DATA TO PROCESS section start

lemma sum_basis_in_span_iff:
  assumes "A \<subseteq> {..<n}"
  shows "(\<Sum>i<n. \<beta> i *s m i) \<in> span (m ` A) \<longleftrightarrow> (\<forall>i<n. \<beta> i \<noteq> 0 \<longrightarrow> i \<in> A)"
proof
  assume "(\<Sum>i<n. \<beta> i *s m i) \<in> span (m ` A)"
  then obtain \<gamma> where "(\<Sum>i<n. \<beta> i *s m i) = (\<Sum>i\<in>A. \<gamma> i *s m i)"
    using assms by (auto elim: obtain_basis_coeffs)
  also have "\<dots> = (\<Sum>i<n. (if i \<in> A then \<gamma> i else 0) *s m i)"
    using assms by (intro sum.mono_neutral_cong_left) auto
  finally have "\<beta> i = (if i \<in> A then \<gamma> i else 0)" if "i < n" for i
    using that by (rule basis_coeffs_unique)
  then show "\<forall>i<n. \<beta> i \<noteq> 0 \<longrightarrow> i \<in> A"
    by auto
next
  assume "\<forall>i<n. \<beta> i \<noteq> 0 \<longrightarrow> i \<in> A"
  then have "(\<Sum>i<n. \<beta> i *s m i) = (\<Sum>i\<in>A. \<beta> i *s m i)"
    using assms by (intro sum.mono_neutral_cong_right) auto
  also have "\<dots> \<in> span (m ` A)"
    by (intro span_sum span_scale span_base) auto
  finally show "(\<Sum>i<n. \<beta> i *s m i) \<in> span (m ` A)" .
qed
theorem orthonormal_pairing_powr_le:
  assumes \<psi>: "eigenbasis d (gram n X) \<psi> \<mu>" and p: "p \<ge> 1" and K: "finite K"
    and u: "orthonormal n K u" and e: "orthonormal d K e"
  shows "(\<Sum>i\<in>K. \<bar>dot n (u i) (matvec d X (e i))\<bar> powr p) \<le> (\<Sum>j<d. sqrt (\<mu> j) powr p)"
proof -
  have orth: "orthonormal d {..<d} \<psi>"
    using \<psi> unfolding eigenbasis_def by blast
  \<comment> \<open>Left singular vectors; the junk value \<open>x / 0 = 0\<close> makes \<open>\<phi> j = 0\<close> whenever \<open>\<mu> j = 0\<close>.\<close>
  define \<phi> where "\<phi> j t = matvec d X (\<psi> j) t / sqrt (\<mu> j)" for j t
  \<comment> \<open>Then \<open>|<u i, X e i>| \<le> (\<Sum>j. \<bar>b i j * c i j\<bar> * sqrt (\<mu> j))\<close>, and the weights
      \<open>((b i j)\<^sup>2 + (c i j)\<^sup>2) / 2\<close> are doubly substochastic by Parseval and Bessel.\<close>
  define b where "b i j = dot d (e i) (\<psi> j)" for i j
  define c where "c i j = dot n (u i) (\<phi> j)" for i j
  define Jp where "Jp = {j. j < d \<and> 0 < \<mu> j}"
  have \<phi>: "dot n (\<phi> i) (\<phi> j) = (if i = j \<and> 0 < \<mu> j then 1 else 0)" if "i < d" "j < d" for i j
    unfolding \<phi>_def by (rule eigenbasis_gram_normalized_images[OF \<psi> that])
  have c0: "c i j = 0" if "j < d" "j \<notin> Jp" for i j
  proof -
    have "\<forall>t<n. \<phi> j t = 0"
      using \<phi>[of j j] that unfolding Jp_def dot_self_eq_0_iff[symmetric] by auto
    then show ?thesis
      unfolding c_def dot_def by simp
  qed
  have expand: "dot n (u i) (matvec d X (e i)) = (\<Sum>j<d. sqrt (\<mu> j) * (b i j * c i j))" for i
  proof -
    have "dot n (u i) (matvec d X (e i)) = dot n (u i) (\<lambda>t. \<Sum>j<d. b i j * matvec d X (\<psi> j) t)"
      unfolding b_def matvec_sum[OF finite_lessThan, symmetric]
      by (intro dot_cong refl matvec_cong orthonormal_basis_expansion[OF orth])
    also have "\<dots> = (\<Sum>j<d. b i j * dot n (u i) (\<lambda>t. sqrt (\<mu> j) * \<phi> j t))"
      unfolding dot_sum_right[OF finite_lessThan] \<phi>_def
      using eigenbasis_gram_image_eq[OF \<psi>] by (intro sum.cong refl arg_cong2[where f = "(*)"] dot_cong) auto
    finally show ?thesis
      unfolding c_def dot_scale_right by (simp add: mult_ac)
  qed
  have b_rows: "(\<Sum>j<d. (b i j)\<^sup>2) = 1" if "i \<in> K" for i
    using parseval_identity[OF orth, of "e i" "e i"] e that unfolding b_def orthonormal_def
    by (simp add: power2_eq_square)
  have c_rows: "(\<Sum>j<d. (c i j)\<^sup>2) \<le> 1" if "i \<in> K" for i
  proof -
    have "(\<Sum>j<d. (c i j)\<^sup>2) = (\<Sum>j\<in>Jp. (dot n (u i) (\<phi> j))\<^sup>2)"
      unfolding c_def[symmetric] using c0 by (intro sum.mono_neutral_right) (auto simp: Jp_def)
    also have "\<dots> \<le> dot n (u i) (u i)"
      using \<phi> by (intro bessel_inequality) (auto simp: orthonormal_def Jp_def)
    finally show ?thesis
      using u that unfolding orthonormal_def by simp
  qed
  have b_cols: "(\<Sum>i\<in>K. (b i j)\<^sup>2) \<le> 1" if "j < d" for j
    using bessel_inequality[OF K e, of "\<psi> j"] orth that
    unfolding b_def orthonormal_def by (simp add: dot_commute)
  have c_cols: "(\<Sum>i\<in>K. (c i j)\<^sup>2) \<le> 1" if "j < d" for j
    using bessel_inequality[OF K u, of "\<phi> j"] \<phi>[OF that that]
    unfolding c_def by (simp add: dot_commute split: if_splits)
  have \<sigma>: "0 \<le> sqrt (\<mu> j)" if "j < d" for j
    using eigenbasis_gram_nonneg[OF \<psi> that] by simp
  have x_le: "\<bar>dot n (u i) (matvec d X (e i))\<bar> \<le> (\<Sum>j<d. ((b i j)\<^sup>2 + (c i j)\<^sup>2) / 2 * sqrt (\<mu> j))" for i
  proof -
    have "\<bar>dot n (u i) (matvec d X (e i))\<bar> \<le> (\<Sum>j<d. \<bar>sqrt (\<mu> j) * (b i j * c i j)\<bar>)"
      unfolding expand by (rule sum_abs)
    also have "\<dots> \<le> (\<Sum>j<d. ((b i j)\<^sup>2 + (c i j)\<^sup>2) / 2 * sqrt (\<mu> j))"
    proof (intro sum_mono)
      fix j assume "j \<in> {..<d}"
      then have "0 \<le> sqrt (\<mu> j)"
        using \<sigma> by simp
      then have "\<bar>sqrt (\<mu> j) * (b i j * c i j)\<bar> = \<bar>b i j * c i j\<bar> * sqrt (\<mu> j)"
        by (simp add: abs_mult)
      also have "\<dots> \<le> ((b i j)\<^sup>2 + (c i j)\<^sup>2) / 2 * sqrt (\<mu> j)"
        using abs_mult_le_half_squares \<open>0 \<le> sqrt (\<mu> j)\<close> by (rule mult_right_mono)
      finally show "\<bar>sqrt (\<mu> j) * (b i j * c i j)\<bar> \<le> ((b i j)\<^sup>2 + (c i j)\<^sup>2) / 2 * sqrt (\<mu> j)" .
    qed
    finally show ?thesis .
  qed
  show ?thesis
  proof (rule doubly_substochastic_powr_sum_le[OF K finite_lessThan p])
    fix i assume i: "i \<in> K"
    show "(\<Sum>j<d. ((b i j)\<^sup>2 + (c i j)\<^sup>2) / 2) \<le> 1"
      using b_rows[OF i] c_rows[OF i] by (simp add: sum_divide_distrib[symmetric] sum.distrib)
  next
    fix j assume "j \<in> {..<d}"
    then show "(\<Sum>i\<in>K. ((b i j)\<^sup>2 + (c i j)\<^sup>2) / 2) \<le> 1"
      using b_cols[of j] c_cols[of j] by (simp add: sum_divide_distrib[symmetric] sum.distrib)
  qed (use x_le \<sigma> in auto)
qed

section \<open>Rank-one and projected matrices\<close>

lemma rank_one_gram_powr_le:
  assumes \<psi>: "eigenbasis d (gram n X) \<psi> \<mu>" and p: "0 \<le> p"
    and X: "\<And>t x. t < n \<Longrightarrow> x < d \<Longrightarrow> X t x = w t * y x" and w: "dot n w w = 1"
  shows "(\<Sum>j<d. sqrt (\<mu> j) powr p) \<le> sqrt (dot d y y) powr p"
proof -
  have orth: "orthonormal d {..<d} \<psi>"
    using \<psi> unfolding eigenbasis_def by blast
  define q where "q j = dot d y (\<psi> j)" for j
  have gram: "gram n X a b = y a * y b" if "a < d" "b < d" for a b
  proof -
    have "gram n X a b = y a * y b * dot n w w"
      unfolding gram_def dot_def using X that by (simp add: sum_distrib_left mult_ac)
    then show ?thesis
      using w by simp
  qed
  have ev: "\<mu> j * \<psi> j a = q j * y a" if j: "j < d" and a: "a < d" for j a
  proof -
    have "\<mu> j * \<psi> j a = matvec d (gram n X) (\<psi> j) a"
      using \<psi> j a unfolding eigenbasis_def by simp
    also have "\<dots> = q j * y a"
      unfolding matvec_def q_def dot_def using a by (simp add: gram sum_distrib_left mult_ac)
    finally show ?thesis .
  qed
  have \<mu>: "\<mu> j = (q j)\<^sup>2" if j: "j < d" for j
  proof -
    have "\<mu> j = dot d (\<psi> j) (\<lambda>a. \<mu> j * \<psi> j a)"
      using orth j unfolding orthonormal_def by (simp add: dot_scale_right)
    also have "\<dots> = dot d (\<psi> j) (\<lambda>a. q j * y a)"
      using ev j by (intro dot_cong) auto
    finally show ?thesis
      unfolding dot_scale_right q_def by (simp add: dot_commute power2_eq_square)
  qed
  have q_le: "(q j)\<^sup>2 \<le> dot d y y" if "j < d" for j
    unfolding parseval_identity[OF orth, of y y] power2_eq_square[symmetric] q_def[symmetric]
    using that by (intro member_le_sum) auto
  \<comment> \<open>Eigenvectors with nonzero eigenvalue are parallel to \<open>y\<close>, so there is at most one of them.\<close>
  have unique: "j = k" if j: "j < d" "q j \<noteq> 0" and k: "k < d" "q k \<noteq> 0" for j k
  proof (rule ccontr)
    assume "j \<noteq> k"
    have "\<mu> j * \<mu> k * dot d (\<psi> j) (\<psi> k) = dot d (\<lambda>a. \<mu> j * \<psi> j a) (\<lambda>a. \<mu> k * \<psi> k a)"
      by (simp add: dot_scale_left dot_scale_right)
    also have "\<dots> = dot d (\<lambda>a. q j * y a) (\<lambda>a. q k * y a)"
      using ev j k by (intro dot_cong) auto
    also have "\<dots> = q j * q k * dot d y y"
      by (simp add: dot_scale_left dot_scale_right)
    finally have "q j * q k * dot d y y = 0"
      using orth j k \<open>j \<noteq> k\<close> unfolding orthonormal_def by simp
    moreover have "0 < (q j)\<^sup>2"
      using j by simp
    ultimately show False
      using q_le[OF j(1)] k by simp
  qed
  define P where "P = {j. j < d \<and> q j \<noteq> 0}"
  have "card P \<le> 1"
    using card_le_Suc0_iff_eq[of P] unique unfolding P_def by auto
  have "(\<Sum>j<d. sqrt (\<mu> j) powr p) = (\<Sum>j\<in>P. sqrt (\<mu> j) powr p)"
    using \<mu> unfolding P_def by (intro sum.mono_neutral_right) auto
  also have "\<dots> \<le> of_nat (card P) * sqrt (dot d y y) powr p"
    using \<mu> q_le p unfolding P_def by (intro sum_bounded_above powr_mono2) (auto simp: real_le_rsqrt)
  also have "\<dots> \<le> sqrt (dot d y y) powr p"
    using \<open>card P \<le> 1\<close> by (intro mult_left_le_one_le) auto
  finally show ?thesis .
qed

lemma eigenvector_orthogonal_kernel:
  assumes X: "sym_matrix m X" and \<psi>: "eigenbasis m X \<psi> \<mu>" and j: "j < m" "\<mu> j \<noteq> 0"
    and v: "\<And>a. a < m \<Longrightarrow> matvec m X v a = 0"
  shows "dot m (\<psi> j) v = 0"
proof -
  have "\<mu> j * dot m (\<psi> j) v = dot m (matvec m X (\<psi> j)) v"
    unfolding dot_scale_left[symmetric] using \<psi> j unfolding eigenbasis_def by (intro dot_cong) auto
  also have "\<dots> = dot m (\<psi> j) (matvec m X v)"
    by (rule dot_matvec_sym[OF X, symmetric])
  also have "\<dots> = 0"
    unfolding dot_def using v by simp
  finally show ?thesis
    using j by simp
qed

lemma orthonormal_insert_None:
  assumes "orthonormal m J f" "dot m z z = 1" "\<And>j. j \<in> J \<Longrightarrow> dot m z (f j) = 0"
  shows "orthonormal m (insert None (Some ` J)) (case_option z f)"
  using assms unfolding orthonormal_def by (auto simp: dot_commute[of m "f _" z])

lemma projection_complement_powr_le:
  assumes \<psi>: "eigenbasis d (gram n A) \<psi> \<mu>" and \<phi>: "eigenbasis d (gram n B) \<phi> \<nu>"
    and B: "\<And>t x. t < n \<Longrightarrow> x < d \<Longrightarrow> B t x = A t x - matvec d A v t * v x"
    and w: "dot n w w = 1" and v: "dot d v v = 1"
    and Atw: "\<And>x. x < d \<Longrightarrow> (\<Sum>t<n. A t x * w t) = \<alpha> * v x" and \<alpha>: "0 \<le> \<alpha>" and p: "1 \<le> p"
  shows "\<alpha> powr p + (\<Sum>j<d. sqrt (\<nu> j) powr p) \<le> (\<Sum>j<d. sqrt (\<mu> j) powr p)"
proof -
  define J where "J = {j. j < d \<and> 0 < \<nu> j}"
  define u where "u j = (\<lambda>t. matvec d B (\<phi> j) t / sqrt (\<nu> j))" for j
  define K where "K = insert None (Some ` J)"
  have wA: "dot n w (matvec d A x) = \<alpha> * dot d v x" for x
  proof -
    have "dot n w (matvec d A x) = (\<Sum>t<n. \<Sum>y<d. x y * (A t y * w t))"
      unfolding dot_def matvec_def by (simp add: sum_distrib_left mult_ac)
    also have "\<dots> = (\<Sum>y<d. x y * (\<Sum>t<n. A t y * w t))"
      by (subst sum.swap) (simp add: sum_distrib_left)
    also have "\<dots> = \<alpha> * dot d v x"
      unfolding dot_def using Atw by (simp add: sum_distrib_left mult_ac)
    finally show ?thesis .
  qed
  have Bx: "matvec d B x t = matvec d A x t - matvec d A v t * dot d v x" if "t < n" for x t
  proof -
    have "matvec d B x t = (\<Sum>y<d. A t y * x y - matvec d A v t * (v y * x y))"
      unfolding matvec_def[of d B] using that by (intro sum.cong) (simp_all add: B algebra_simps)
    then show ?thesis
      unfolding matvec_def[of d A x] dot_def by (simp add: sum_subtractf sum_distrib_left)
  qed
  have wB: "dot n w (matvec d B x) = 0" for x
  proof -
    have "dot n w (matvec d B x) = dot n w (\<lambda>t. matvec d A x t - dot d v x * matvec d A v t)"
      by (intro dot_cong) (simp_all add: Bx mult.commute)
    also have "\<dots> = dot n w (matvec d A x) - dot d v x * dot n w (matvec d A v)"
      unfolding dot_def[of n] by (simp add: sum_subtractf sum_distrib_left algebra_simps)
    finally have "dot n w (matvec d B x) = dot n w (matvec d A x) - dot d v x * dot n w (matvec d A v)" .
    then show ?thesis
      using v by (simp add: wA)
  qed
  have Bv: "matvec d B v t = 0" if "t < n" for t
    using Bx[OF that, of v] v by simp
  have \<phi>v: "dot d (\<phi> j) v = 0" if "j \<in> J" for j
    using that Bv unfolding J_def
    by (intro eigenvector_orthogonal_kernel[OF sym_matrix_gram \<phi>]) (auto simp: matvec_gram)
  have A\<phi>: "matvec d A (\<phi> j) t = matvec d B (\<phi> j) t" if "j \<in> J" "t < n" for j t
    using Bx[of t "\<phi> j"] \<phi>v[of j] that by (simp add: dot_commute)
  have e: "orthonormal d K (case_option v \<phi>)"
    unfolding K_def using \<phi> v \<phi>v
    by (intro orthonormal_insert_None) (auto simp: eigenbasis_def orthonormal_def J_def dot_commute)
  have wu: "dot n w (u j) = 0" for j
    using wB[of "\<phi> j"] unfolding u_def dot_def by (simp add: sum_divide_distrib[symmetric])
  have u: "orthonormal n K (case_option w u)"
    unfolding K_def using w wu eigenbasis_gram_normalized_images[OF \<phi>]
    by (intro orthonormal_insert_None) (auto simp: orthonormal_def J_def u_def)
  have u\<phi>: "dot n (u j) (matvec d A (\<phi> j)) = sqrt (\<nu> j)" if "j \<in> J" for j
  proof -
    have "dot n (u j) (matvec d A (\<phi> j)) = dot n (\<lambda>t. inverse (sqrt (\<nu> j)) * matvec d B (\<phi> j) t) (matvec d B (\<phi> j))"
      using A\<phi>[OF that] unfolding u_def by (intro dot_cong) (simp_all add: divide_inverse mult.commute)
    also have "\<dots> = sqrt (\<nu> j)"
      using that eigenbasis_gram_images[OF \<phi>, of j j] real_div_sqrt[of "\<nu> j"]
      unfolding dot_scale_left J_def by (simp add: divide_inverse mult.commute)
    finally show ?thesis .
  qed
  have "(\<Sum>i\<in>K. \<bar>dot n (case_option w u i) (matvec d A (case_option v \<phi> i))\<bar> powr p)
      = \<alpha> powr p + (\<Sum>j\<in>J. sqrt (\<nu> j) powr p)"
    unfolding K_def using \<alpha> v by (simp add: sum.reindex wA u\<phi> J_def)
  also have "(\<Sum>j\<in>J. sqrt (\<nu> j) powr p) = (\<Sum>j<d. sqrt (\<nu> j) powr p)"
    using eigenbasis_gram_nonneg[OF \<phi>] unfolding J_def
    by (intro sum.mono_neutral_left) (auto simp: order.order_iff_strict)
  finally show ?thesis
    using orthonormal_pairing_powr_le[OF \<psi> p _ u e] unfolding K_def J_def by simp
qed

DATA TO PROCESS section end

Find the lines above that include the string "assms" and copy them.

* RESPONSE TO THE TASK:
    using assms by (auto elim: obtain_basis_coeffs)
    using assms by (intro sum.mono_neutral_cong_left) auto
    using assms by (intro sum.mono_neutral_cong_right) auto
  using assms unfolding orthonormal_def by (auto simp: dot_commute[of m "f _" z])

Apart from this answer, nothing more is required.